Im Leitartikel über die Tour de France:

“Was von Jan Ullrich, Erster 1997, zu halten ist und was von dem Amerikaner Lance Armstrong, der von 1999 an siebenmal als Führender auf die Champs-Elysées fuhr, kann sich jeder denken - es gibt starke Indizien, aber keine rechtskräftigen Beweise für eine Verurteilung.”

Beweise können nicht “rechtskräftig” sein. Rechtskräftig sind Gerichtsentscheidungen, gegen die keine Rechtsmittel mehr zur Verfügung stehen und die damit wirksam werden.

Und auch ein Beweis lässt keine Verurteilung zu, sondern nur eine Anklage. In Deutschland im angeführten Fall nicht einmal das, da es keinen entsprechenden Straftatbestand gibt.

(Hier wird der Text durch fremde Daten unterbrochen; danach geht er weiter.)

(* Let $w>2$ and let $\tilde f\in\mathbb L_w$. Write $\tilde f=\tilde f_x x+\tilde f_y y$ with $\tilde f_x,\tilde f_y\in\mathbb A$ homogeneous of degree $w-1$, and put $g=\tilde f_y+\tilde f_x$. Then $g$ is anti-palindromic, i.e. $g=(-1)^{w-1}\mathrm{anti}(g)$, if and only if the mould $M=\mathrm{ma}_{\tilde f}$ satisfies the senary relation $$\mathrm{teru}(M)^r=\bigl(\mathrm{push}\circ\mathrm{mantar}\circ\mathrm{teru}\circ\mathrm{mantar}\bigr)(M)^r$$ for all $1\leqslant r\leqslant w$.
   Context: $\mathbb A=\mathbb Q\langle x,y\rangle$ is the free associative algebra on $x,y$ graded by total degree, and $\mathbb L_w\subset\mathbb A$ is the space of homogeneous Lie polynomials of degree $w$ in $x,y$. $\mathrm{anti}:\mathbb A\to\mathbb A$ is the linear map reversing each word: $\mathrm{anti}(a_1a_2\cdots a_n)=a_n\cdots a_2a_1$ for letters $a_i\in\{x,y\}$. Moulds. A mould is a sequence $M=(M^m)_{m\geqslant 0}$ with $M^0\in\mathbb Q$ and $M^m=M^m(x_1,\dots,x_m)\in\mathbb Q[x_1,\dots,x_m]$; $M^m(u_1,\dots,u_m)$ denotes substitution $x_i\mapsto u_i$. For $m\geqslant1$: $\mathrm{teru}(M)^1=M^1$, and for $m\geqslant2$, $\mathrm{teru}(M)^m(u_1,\dots,u_m)=M^m(u_1,\dots,u_m)+\frac{1}{u_m}\{M^{m-1}(u_1,\dots,u_{m-2},u_{m-1}+u_m)-M^{m-1}(u_1,\dots,u_{m-2},u_{m-1})\}$; $\mathrm{mantar}(M)^m(u_1,\dots,u_m)=(-1)^{m-1}M^m(u_m,\dots,u_1)$; $\mathrm{push}(M)^m(u_1,\dots,u_m)=M^m(-u_1-\cdots-u_m,u_1,\dots,u_{m-1})$ (in depth $0$: $\mathrm{teru}(M)^0=\mathrm{push}(M)^0=M^0$, $\mathrm{mantar}(M)^0=-M^0$). The mould $\mathrm{ma}_h$: for $h\in\mathbb A$ homogeneous of degree $w$, write $h=\sum_{r=0}^w\sum a_{e_0,\dots,e_r}x^{e_0}yx^{e_1}y\cdots yx^{e_r}$ (sum over $(e_0,\dots,e_r)\in\mathbb Z_{\geqslant0}^{r+1}$, $\sum e_i=w-r$). Set $\mathrm{ma}_h^0=0$, $\mathrm{ma}_h^r=0$ for $r>w$, and for $1\le r\le w$, $\mathrm{ma}_h^r(u_1,\dots,u_r)=\sum a_{e_0,\dots,e_r}z_0^{e_0}\cdots z_r^{e_r}$ evaluated at $z_0=0$, $z_j=u_1+\cdots+u_j$ (with $0^0=1$). *)

theory Defs
  imports Complex_Main "HOL-Library.Poly_Mapping"
begin

datatype letter = X | Y

text \<open>Elements of A are coefficient functions on words (lists of letters).
  All elements considered are homogeneous, hence finitely supported.\<close>
type_synonym alg = "letter list \<Rightarrow> rat"

definition amul :: "alg \<Rightarrow> alg \<Rightarrow> alg" where
  "amul p q = (\<lambda>u. \<Sum>i\<le>length u. p (take i u) * q (drop i u))"

definition lt :: "letter \<Rightarrow> alg" where
  "lt a = (\<lambda>u. if u = [a] then 1 else 0)"

definition bracket :: "alg \<Rightarrow> alg \<Rightarrow> alg" where
  "bracket p q = (\<lambda>u. amul p q u - amul q p u)"

definition homog :: "nat \<Rightarrow> alg \<Rightarrow> bool" where
  "homog w p \<longleftrightarrow> (\<forall>u. length u \<noteq> w \<longrightarrow> p u = 0)"

inductive_set lie_polys :: "alg set" where
  gen: "lt a \<in> lie_polys"
| add: "p \<in> lie_polys \<Longrightarrow> q \<in> lie_polys \<Longrightarrow> (\<lambda>u. p u + q u) \<in> lie_polys"
| smult: "p \<in> lie_polys \<Longrightarrow> (\<lambda>u. c * p u) \<in> lie_polys"
| brk: "p \<in> lie_polys \<Longrightarrow> q \<in> lie_polys \<Longrightarrow> bracket p q \<in> lie_polys"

Wenn dies an der Stelle gemeint ist; denn “Beweise für eine Verurteilung” bedeutet, dass eine Verurteilung bewiesen ist - was immer das heißen soll.

Exorbital (NZZ, Feuilleton)

Dienstag, Juli 24th, 2007

Die letzten Sätze in der Rezension von Mary Shelleys “Der letzte Mensch”:

“Die Bilder der Verheerungen, über die das Publikum um 1830 lachte, sprechen heute nicht nur Kinogänger an, sondern auch uns Zeitgenossen der Flutkatastrophen, Wirbelstürme und wachsenden Wüsten. Die von der paranoischen Imagination der Romantik beschriebene o r b i t a l e Verwüstung ist heute das Gipfel-Thema in Wissenschaft und Politik.”

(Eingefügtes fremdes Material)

(* Let $\mathfrak g$ be a finite-dimensional complex Lie superalgebra and let $I^s_+(\mathfrak g)$ be the subspace of $I^s(\mathfrak g)$ of invariant supersymmetric forms with no constant term. Then $s(P)=0$ for all $P\in I^s_+(\mathfrak g)$.
   Context: Elements of $\mathfrak g=\mathfrak g_{\bar0}\oplus\mathfrak g_{\bar1}$ are homogeneous, degrees denoted by lower-case letters. For $\mathcal X=(X_1,\dots,X_k)$, $\sigma\in\mathfrak S_k$, $\epsilon(\sigma,\mathcal X)=(-1)^K$, $K$ the number of pairs $i<j$ with $\sigma(i)>\sigma(j)$ and $X_{\sigma(i)},X_{\sigma(j)}$ odd. A $k$-form $F$ has degree $f$ if $F(X_1,\dots,X_k)\neq0$ only when $x_1+\dots+x_k+f=0$. $\mathcal P(\mathfrak g)$ (resp. $\mathcal A(\mathfrak g)$) is the space of forms of all orders (constants = $0$-forms) with $\epsilon(\sigma,\mathcal X)F(X_{\sigma(1)},\dots)=F(X_1,\dots)$ (resp. $\epsilon(\sigma)\epsilon(\sigma,\mathcal X)F(X_{\sigma(1)},\dots)=F(X_1,\dots)$) for all $\sigma$; products: with $(F\boxtimes G)(X_1,\dots,X_{a+b})=(-1)^{g(x_1+\dots+x_a)}F(X_1,\dots,X_a)G(X_{a+1},\dots)$, $F\cdot G=\frac1{a!b!}\sum_\sigma\epsilon(\sigma,\mathcal X)(F\boxtimes G)(X_{\sigma(1)},\dots)$ and $F\wedge G=\frac1{a!b!}\sum_\sigma\epsilon(\sigma)\epsilon(\sigma,\mathcal X)(F\boxtimes G)(X_{\sigma(1)},\dots)$. For $F$ of degree $f$, $L_XF(X_1,\dots,X_k)=-(-1)^{xf}\sum_j(-1)^{x(x_1+\dots+x_{j-1})}F(X_1,\dots,[X,X_j],\dots,X_k)$, and $I^s(\mathfrak g)=\{P\in\mathcal P(\mathfrak g):L_XP=0\ \forall X\in\mathfrak g\}$. The differential $d$ on $\mathcal A(\mathfrak g)$: $dF(X_1,\dots,X_{k+1})=\sum_{i<j}(-1)^{i+j}(-1)^{x_i(x_1+\dots+x_{i-1})}(-1)^{x_j(x_1+\dots+\widehat{x_i}+\dots+x_{j-1})}F([X_i,X_j],X_1,\dots,\widehat{X_i},\dots,\widehat{X_j},\dots,X_{k+1})$, so $d\phi(X_1,X_2)=-\phi([X_1,X_2])$ for $\phi\in\mathfrak g^*$. $s:\mathcal P(\mathfrak g)\to\mathcal A(\mathfrak g)$ is the algebra homomorphism (for $\cdot$ and $\wedge$) with $s(\phi)=d\phi$ for all $\phi\in\mathfrak g^*$. *)

theory Defs
  imports Complex_Main "HOL-Combinatorics.Permutations"
begin

text \<open>Parities are booleans (True = odd).  The Lie superalgebra is a complex vector space
  (scalar multiplication scale) with a Z/2-grading g = G0 + G1 and a bracket br.\<close>

definition psgn :: "bool \<Rightarrow> complex" where
  "psgn b = (if b then -1 else 1)"

definition psum :: "bool list \<Rightarrow> bool" where
  "psum bs = foldr (\<lambda>a b. a \<noteq> b) bs False"

definition hcomp :: "'g set \<Rightarrow> 'g set \<Rightarrow> bool \<Rightarrow> 'g set" where
  "hcomp G0 G1 b = (if b then G1 else G0)"

definition homlist :: "'g set \<Rightarrow> 'g set \<Rightarrow> bool list \<Rightarrow> 'g list \<Rightarrow> bool" where
  "homlist G0 G1 bs xs \<longleftrightarrow> length bs = length xs \<and>
     (\<forall>i<length xs. xs ! i \<in> hcomp G0 G1 (bs ! i))"

definition lie_superalgebra ::
  "(complex \<Rightarrow> 'g::ab_group_add \<Rightarrow> 'g) \<Rightarrow> 'g set \<Rightarrow> 'g set \<Rightarrow> ('g \<Rightarrow> 'g \<Rightarrow> 'g) \<Rightarrow> bool" where
  "lie_superalgebra scale G0 G1 br \<longleftrightarrow>
     vector_space scale \<and>
     (\<exists>B. finite B \<and> module.span scale B = UNIV) \<and>
     module.subspace scale G0 \<and> module.subspace scale G1 \<and>
     G0 \<inter> G1 = {0} \<and> (\<forall>x. \<exists>a\<in>G0. \<exists>b\<in>G1. x = a + b) \<and>
     (\<forall>c x y z. br (scale c x + y) z = scale c (br x z) + br y z) \<and>
     (\<forall>c x y z. br z (scale c x + y) = scale c (br z x) + br z y) \<and>
     (\<forall>p q x y. x \<in> hcomp G0 G1 p \<longrightarrow> y \<in> hcomp G0 G1 q \<longrightarrow>
        br x y \<in> hcomp G0 G1 (p \<noteq> q)) \<and>
     (\<forall>p q x y. x \<in> hcomp G0 G1 p \<longrightarrow> y \<in> hcomp G0 G1 q \<longrightarrow>
        br x y = - scale (psgn (p \<and> q)) (br y x)) \<and>
     (\<forall>p q x y z. x \<in> hcomp G0 G1 p \<longrightarrow> y \<in> hcomp G0 G1 q \<longrightarrow>
        br x (br y z) = br (br x y) z + scale (psgn (p \<and> q)) (br y (br x z)))"

definition proj :: "'g::ab_group_add set \<Rightarrow> 'g set \<Rightarrow> bool \<Rightarrow> 'g \<Rightarrow> 'g" where
  "proj G0 G1 b x = (THE y. y \<in> hcomp G0 G1 b \<and> (\<exists>z \<in> hcomp G0 G1 (\<not> b). x = y + z))"

text \<open>Multilinear extension of a formula given on homogeneous arguments (with their parities).\<close>
definition hext :: "'g::ab_group_add set \<Rightarrow> 'g set \<Rightarrow> (bool list \<Rightarrow> 'g list \<Rightarrow> complex)
    \<Rightarrow> 'g list \<Rightarrow> complex" where
  "hext G0 G1 \<Phi> xs = (\<Sum>bs \<in> {bs. length bs = length xs}. \<Phi> bs (map2 (proj G0 G1) bs xs))"

definition eps :: "(nat \<Rightarrow> nat) \<Rightarrow> bool list \<Rightarrow> complex" where
  "eps \<sigma> bs = (-1) ^ card {(i, j). i < j \<and> j < length bs \<and> \<sigma> j < \<sigma> i \<and> bs ! (\<sigma> i) \<and> bs ! (\<sigma> j)}"

text \<open>A form of all orders is a function on lists; its k-th component is its restriction
  to lists of length k (the empty list gives the constant term).\<close>
definition multilin :: "(complex \<Rightarrow> 'g \<Rightarrow> 'g) \<Rightarrow> ('g::ab_group_add list \<Rightarrow> complex) \<Rightarrow> bool" where
  "multilin scale F \<longleftrightarrow> (\<forall>xs ys c x y.
     F (xs @ (scale c x + y) # ys) = c * F (xs @ x # ys) + F (xs @ y # ys))"

definition fin_order :: "('g list \<Rightarrow> complex) \<Rightarrow> bool" where
  "fin_order F \<longleftrightarrow> (\<exists>N. \<forall>xs. N < length xs \<longrightarrow> F xs = 0)"

definition supersym :: "'g set \<Rightarrow> 'g set \<Rightarrow> ('g list \<Rightarrow> complex) \<Rightarrow> bool" where
  "supersym G0 G1 F \<longleftrightarrow> (\<forall>bs xs \<sigma>. homlist G0 G1 bs xs \<longrightarrow> \<sigma> permutes {..<length xs} \<longrightarrow>
     eps \<sigma> bs * F (permute_list \<sigma> xs) = F xs)"

definition superalt :: "'g set \<Rightarrow> 'g set \<Rightarrow> ('g list \<Rightarrow> complex) \<Rightarrow> bool" where
  "superalt G0 G1 F \<longleftrightarrow> (\<forall>bs xs \<sigma>. homlist G0 G1 bs xs \<longrightarrow> \<sigma> permutes {..<length xs} \<longrightarrow>
     of_int (sign \<sigma>) * eps \<sigma> bs * F (permute_list \<sigma> xs) = F xs)"

definition Pforms :: "(complex \<Rightarrow> 'g \<Rightarrow> 'g) \<Rightarrow> 'g::ab_group_add set \<Rightarrow> 'g set \<Rightarrow> ('g list \<Rightarrow> complex) set" where
  "Pforms scale G0 G1 = {F. multilin scale F \<and> fin_order F \<and> supersym G0 G1 F}"

definition Aforms :: "(complex \<Rightarrow> 'g \<Rightarrow> 'g) \<Rightarrow> 'g::ab_group_add set \<Rightarrow> 'g set \<Rightarrow> ('g list \<Rightarrow> complex) set" where
  "Aforms scale G0 G1 = {F. multilin scale F \<and> fin_order F \<and> superalt G0 G1 F}"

“Orbital” ist das Attribut von “Orbit”, der Umlaufbahn. Eine Verwüstung im ganzen Bereich der Erdumlaufbahn ist nicht das gegenwärtige “Gipfel-Thema” der Politik und wurde auch nicht in der Romantik beschrieben. Der Autor dachte wohl, “orbital” sei ein Synonym von “global”.

Beispiel (FAZ, Titelseite)

Samstag, Juli 21st, 2007

Der zweite Satz im Leitartikel:

“Das Stück erklingt noch heutzutage bei Beisetzungen mit militärischen Ehren, und zwar sowohl b e i Soldaten als auch b e i Zivilisten mit einem gewissen Bezug zur Bundeswehr - wie vor vierzig Jahren auf dem Rhöndorfer Friedhof, unmittelbar bevor der Sarg Konrad Adenauers in die Erde sank.”

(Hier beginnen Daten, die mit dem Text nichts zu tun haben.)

lemma sum_largest_abs_sorted_enumeration:
  fixes b :: "real ^ 'n::finite"
  obtains ys where "distinct ys" "set ys = UNIV" "length ys = CARD('n)"
    "\<And>i j. i \<le> j \<Longrightarrow> j < CARD('n) \<Longrightarrow> \<bar>b $ (ys ! j)\<bar> \<le> \<bar>b $ (ys ! i)\<bar>"
    "\<And>k. k \<le> CARD('n) \<Longrightarrow> sum_largest_abs b k = (\<Sum>j<k. \<bar>b $ (ys ! j)\<bar>)"
proof -
  define f where "f = (\<lambda>i. \<bar>b $ i\<bar>)"
  obtain xs where xs: "set xs = (UNIV :: 'n set)" "distinct xs"
    using finite_distinct_list[of "UNIV :: 'n set"] by auto
  define ys where "ys = rev (sort_key f xs)"
  have "sort (map f xs) = map f (sort_key f xs)"
    by (rule properties_for_sort) (simp_all add: mset_map)
  then have "sorted_list_of_multiset (image_mset f (mset_set UNIV)) = map f (sort_key f xs)"
    using xs by (metis mset_set_set mset_map sorted_list_of_multiset_mset)
  then have ord_abs_ys: "ord_abs b k = map f ys ! (k - 1)" for k
    unfolding ord_abs_def ys_def f_def[symmetric] by (simp only: rev_map)
  have len: "length ys = CARD('n)" unfolding ys_def using xs distinct_card by fastforce
  have "sorted_wrt (\<ge>) (map f ys)"
    unfolding ys_def rev_map[symmetric] sorted_wrt_rev by simp
  then have "f (ys ! j) \<le> f (ys ! i)" if "i \<le> j" "j < CARD('n)" for i j
    using that len by (cases "i = j") (auto simp: sorted_wrt_iff_nth_less)
  moreover have "sum_largest_abs b k = (\<Sum>j<k. f (ys ! j))" if "k \<le> CARD('n)" for k
    using that len
    by (auto simp: sum_largest_abs_def sum.atLeast1_atMost_eq ord_abs_ys intro!: sum.cong)
  ultimately show ?thesis
    using that[of ys] xs len by (simp add: ys_def f_def)
qed

lemma antimono_sum_subset_le_prefix:
  fixes x :: "nat \<Rightarrow> real"
  assumes antimono: "\<And>i j. i \<le> j \<Longrightarrow> j < n \<Longrightarrow> x j \<le> x i"
    and P: "P \<subseteq> {..<n}"
  shows "sum x P \<le> sum x {..<card P}"
proof (cases "P = {}")
  case False
  define K where "K = {..<card P}"
  define c where "c = x (card P - 1)"
  have "finite P" using P finite_subset by blast
  then have "card P \<le> n" using card_mono[OF _ P] by simp
  have "card (P - K) = card (K - P)"
    using card_Int_Diff[OF \<open>finite P\<close>, of K] card_Int_Diff[of K P]
    by (simp add: K_def Int_commute)
  moreover have "x i \<le> c" if "i \<in> P - K" for i
    using that P antimono[of "card P - 1" i] by (auto simp: K_def c_def)
  moreover have "c \<le> x i" if "i \<in> K - P" for i
    using that \<open>card P \<le> n\<close> antimono[of i "card P - 1"] by (auto simp: K_def c_def)
  ultimately have "sum x (P - K) \<le> sum x (K - P)"
    using sum_bounded_above[of "P - K" x c] sum_bounded_below[of "K - P" c x] by simp
  then show ?thesis
    using sum.Int_Diff[OF \<open>finite P\<close>, of x K] sum.Int_Diff[of K x P]
    by (simp add: K_def Int_commute)
qed simp

lemma sum_abs_le_sum_largest_abs:
  fixes b :: "real ^ 'n::finite"
  shows "(\<Sum>j\<in>A. \<bar>b $ j\<bar>) \<le> sum_largest_abs b (card A)"
proof -
  obtain ys where ys: "distinct ys" "set ys = UNIV" "length ys = CARD('n)"
    and antimono: "\<And>i j. i \<le> j \<Longrightarrow> j < CARD('n) \<Longrightarrow> \<bar>b $ (ys ! j)\<bar> \<le> \<bar>b $ (ys ! i)\<bar>"
    and prefix: "\<And>k. k \<le> CARD('n) \<Longrightarrow> sum_largest_abs b k = (\<Sum>j<k. \<bar>b $ (ys ! j)\<bar>)"
    by (rule sum_largest_abs_sorted_enumeration[of b]) blast
  define P where "P = {j. j < CARD('n) \<and> ys ! j \<in> A}"
  have AP: "A = nth ys ` P"
    using ys by (auto simp: P_def image_iff) (metis UNIV_I in_set_conv_nth)
  have inj: "inj_on (nth ys) P"
    using ys by (auto simp: P_def inj_on_def nth_eq_iff_index_eq)
  have card_P: "card P = card A"
    using AP inj by (simp add: card_image)
  have "(\<Sum>j\<in>A. \<bar>b $ j\<bar>) = (\<Sum>j\<in>P. \<bar>b $ (ys ! j)\<bar>)"
    using AP inj by (simp add: sum.reindex)
  also have "\<dots> \<le> (\<Sum>j<card P. \<bar>b $ (ys ! j)\<bar>)"
    by (rule antimono_sum_subset_le_prefix[OF antimono]) (auto simp: P_def)
  also have "\<dots> = sum_largest_abs b (card A)"
    using prefix[of "card A"] card_mono[of UNIV A] card_P by simp
  finally show ?thesis .
qed

lemma sum_largest_abs_attained:
  fixes b :: "real ^ 'n::finite"
  assumes "k \<le> CARD('n)"
  obtains A where "card A = k" "sum_largest_abs b k = (\<Sum>j\<in>A. \<bar>b $ j\<bar>)"
proof -
  obtain ys where ys: "distinct ys" "set ys = UNIV" "length ys = CARD('n)"
    and "\<And>i j. i \<le> j \<Longrightarrow> j < CARD('n) \<Longrightarrow> \<bar>b $ (ys ! j)\<bar> \<le> \<bar>b $ (ys ! i)\<bar>"
    and prefix: "\<And>k. k \<le> CARD('n) \<Longrightarrow> sum_largest_abs b k = (\<Sum>j<k. \<bar>b $ (ys ! j)\<bar>)"
    by (rule sum_largest_abs_sorted_enumeration[of b]) blast
  have "inj_on (nth ys) {..<k}"
    using ys assms by (auto simp: inj_on_def nth_eq_iff_index_eq)
  then show ?thesis
    using that[of "nth ys ` {..<k}"] prefix[OF assms] by (simp add: card_image sum.reindex)
qed

lemma sum_largest_abs_mono:
  fixes b b' :: "real ^ 'n::finite"
  assumes "\<And>j. \<bar>b $ j\<bar> \<le> \<bar>b' $ j\<bar>" and "k \<le> CARD('n)"
  shows "sum_largest_abs b k \<le> sum_largest_abs b' k"
proof -
  obtain A where A: "card A = k" "sum_largest_abs b k = (\<Sum>j\<in>A. \<bar>b $ j\<bar>)"
    using sum_largest_abs_attained[OF assms(2)] by blast
  have "(\<Sum>j\<in>A. \<bar>b $ j\<bar>) \<le> (\<Sum>j\<in>A. \<bar>b' $ j\<bar>)"
    by (rule sum_mono) (rule assms(1))
  also have "\<dots> \<le> sum_largest_abs b' k"
    using sum_abs_le_sum_largest_abs[of b' A] A(1) by simp
  finally show ?thesis using A(2) by simp
qed

lemma sum_largest_abs_le_add_dist:
  fixes b b' :: "real ^ 'n::finite"
  assumes "k \<le> CARD('n)"
  shows "sum_largest_abs b k \<le> sum_largest_abs b' k + (\<Sum>j\<in>UNIV. \<bar>b $ j - b' $ j\<bar>)"
proof -
  obtain A where A: "card A = k" "sum_largest_abs b k = (\<Sum>j\<in>A. \<bar>b $ j\<bar>)"
    using sum_largest_abs_attained[OF assms] by blast
  have "(\<Sum>j\<in>A. \<bar>b $ j\<bar>) \<le> (\<Sum>j\<in>A. \<bar>b' $ j\<bar>) + (\<Sum>j\<in>A. \<bar>b $ j - b' $ j\<bar>)"
    unfolding sum.distrib[symmetric] by (rule sum_mono) linarith
  also have "\<dots> \<le> sum_largest_abs b' k + (\<Sum>j\<in>UNIV. \<bar>b $ j - b' $ j\<bar>)"
    using sum_abs_le_sum_largest_abs[of b' A] A(1) by (intro add_mono sum_mono2) auto
  finally show ?thesis using A(2) by simp
qed

lemma sum_largest_abs_le_sum_abs:
  fixes b :: "real ^ 'n::finite"
  assumes "k \<le> CARD('n)"
  shows "sum_largest_abs b k \<le> (\<Sum>j\<in>UNIV. \<bar>b $ j\<bar>)"
proof -
  obtain A where "card A = k" "sum_largest_abs b k = (\<Sum>j\<in>A. \<bar>b $ j\<bar>)"
    using sum_largest_abs_attained[OF assms] by blast
  then show ?thesis by (simp add: sum_mono2)
qed

lemma sum_largest_abs_eq_sum_abs:
  fixes b :: "real ^ 'n::finite"
  assumes "card {j. b $ j \<noteq> 0} \<le> k" and "k \<le> CARD('n)"
  shows "sum_largest_abs b k = (\<Sum>j\<in>UNIV. \<bar>b $ j\<bar>)"
proof -
  obtain A where "{j. b $ j \<noteq> 0} \<subseteq> A" "card A = k"
    using exists_subset_between[OF assms(1) _ subset_UNIV] assms(2) by auto
  then have "(\<Sum>j\<in>UNIV. \<bar>b $ j\<bar>) = (\<Sum>j\<in>A. \<bar>b $ j\<bar>)"
    by (intro sum.mono_neutral_right) auto
  also have "\<dots> \<le> sum_largest_abs b k"
    using sum_abs_le_sum_largest_abs[of b A] \<open>card A = k\<close> by simp
  finally show ?thesis
    using sum_largest_abs_le_sum_abs[OF assms(2), of b] by linarith
qed

lemma sum_largest_abs_le_add_small_coord:
  fixes b b' :: "real ^ 'n::finite"
  assumes agree: "\<And>j. j \<noteq> i \<Longrightarrow> b $ j = b' $ j" and "b' $ i = 0"
    and small: "\<And>j. b' $ j \<noteq> 0 \<Longrightarrow> \<bar>b $ i\<bar> \<le> \<bar>b' $ j\<bar>"
    and k: "k \<le> card {j. b' $ j \<noteq> 0}"
  shows "sum_largest_abs b k \<le> sum_largest_abs b' k"
proof -
  define S where "S = {j. b' $ j \<noteq> 0}"
  have "k \<le> CARD('n)" using k card_mono[of UNIV S] by (simp add: S_def)
  then obtain A where A: "card A = k" "sum_largest_abs b k = (\<Sum>j\<in>A. \<bar>b $ j\<bar>)"
    using sum_largest_abs_attained by blast
  show ?thesis
  proof (cases "i \<in> A")
    case False
    then have "(\<Sum>j\<in>A. \<bar>b $ j\<bar>) = (\<Sum>j\<in>A. \<bar>b' $ j\<bar>)"
      by (intro sum.cong refl) (metis agree False)
    then show ?thesis using A sum_abs_le_sum_largest_abs[of b' A] by simp
  next
    case True
    have "0 < card A" using True by (auto simp: card_gt_0_iff)
    then have "card (A - {i}) < card S"
      using True A(1) k by (simp add: S_def)
    then obtain j where "j \<in> S" "j \<notin> A - {i}"
      using card_mono[of "A - {i}" S] by (metis finite subsetI not_le)
    moreover have "j \<noteq> i" using \<open>j \<in> S\<close> \<open>b' $ i = 0\<close> by (auto simp: S_def)
    ultimately have "j \<notin> A" by blast
    have "(\<Sum>j\<in>A. \<bar>b $ j\<bar>) = \<bar>b $ i\<bar> + (\<Sum>j\<in>A - {i}. \<bar>b' $ j\<bar>)"
      using True agree by (simp add: sum.remove)
    also have "\<dots> \<le> \<bar>b' $ j\<bar> + (\<Sum>j\<in>A - {i}. \<bar>b' $ j\<bar>)"
      using small \<open>j \<in> S\<close> by (simp add: S_def)
    also have "\<dots> = (\<Sum>j\<in>insert j (A - {i}). \<bar>b' $ j\<bar>)"
      using \<open>j \<notin> A\<close> by simp
    also have "\<dots> \<le> sum_largest_abs b' k"
      using sum_abs_le_sum_largest_abs[of b' "insert j (A - {i})"] True \<open>j \<notin> A\<close> A(1)
        \<open>0 < card A\<close>
      by simp
    finally show ?thesis using A(2) by simp
  qed
qed

lemma sum_by_parts_partial_sums:
  fixes a w :: "nat \<Rightarrow> 'a::comm_ring"
  shows "(\<Sum>k=1..n. a k * w k)
    = (\<Sum>k=1..n. (a k - a (Suc k)) * (\<Sum>j=1..k. w j)) + a (Suc n) * (\<Sum>j=1..n. w j)"
  by (induction n) (simp_all add: algebra_simps)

Das Stück erklingt also nicht bei Beisetzungen von Soldaten und Zivilisten, sondern es erklingt bei Soldaten und bei Zivilisten.

Vielleicht war ja gemeint: sowohl bei denen von Soldaten als auch bei denen von Zivilisten.

Eingeständnis und Zugeständnis (FAZ, Titelseite)

Samstag, Juli 14th, 2007

Letzter Satz im Kommentar über die Störungen in den Kernkraftwerken:

“Schon in wenigen Tagen nämlich wird Gabriel eingestehen müssen, dass die Betreiber zuverlässig und ihre Anlagen sicher seien.”

Eingestehen kann man nur die eigene Schuld. Demnach wären die Sicherheit der Anlagen und die Zuverlässigkeit der Betreiber die Schuld von Gabriel, die er eingestehen muss.

Ganz oben (FAZ, Feuilleton)

Donnerstag, Juli 12th, 2007

Im Artikel von Literaturchef Hubert Spiegel über Günter Wallraff:

“Das möchte er ändern, jetzt, mehr als zehn Jahre nachdem er Rushdie bei sich zu Hause versteckt hat.”

Nicht: zehn Jahre nachdem Rushdie bei ihm zu Hause versteckt war.

Salman Rushdie ist also immer noch bei Wallraff versteckt, und an Rushdies Stelle hat der verkleidete Wallraff neulich von der Queen den Ritterschlag empfangen. Hoffentlich erspart er uns das Buch.

Abhängigkeit (FAZ, Titelseite)

Donnerstag, Juli 5th, 2007

Im Leitartikel über Nebeneinkünfte von Abgeordneten:

“Es bleibt die Frage, was für Abgeordnete wir künftig bekommen: solche, die in ihrem Beruf und in der Gesellschaft verwurzelt sind, oder abhängige Staatsfunktionäre?”

Gemeint sind wohl vom Staat abhängige Funktionäre. “Abhängige Staatsfunktionäre” können auch von anderen als staatsdienstlichen Einkünften abhängig sein und bilden somit keinen Gegensatz zum ersten Fall.

Monopol und Monopolist (FAZ, Titelseite)

Dienstag, Juli 3rd, 2007

Im Leitartikel:

“Die größte staatliche Aktiengesellschaft des Westens, Frankreichs
S t r o m m o n o p o l EDF, kostet am Markt 198 Milliarden Dollar, und die schwerste deutsche Börsengesellschaft, Siemens, wird zu 129 Milliarden Dollar gehandelt.”

Ein Monopol ist eine marktbeherrschende Stellung. Den Inhaber dieser Stellung nennt man Monopolist. Nicht Monopol.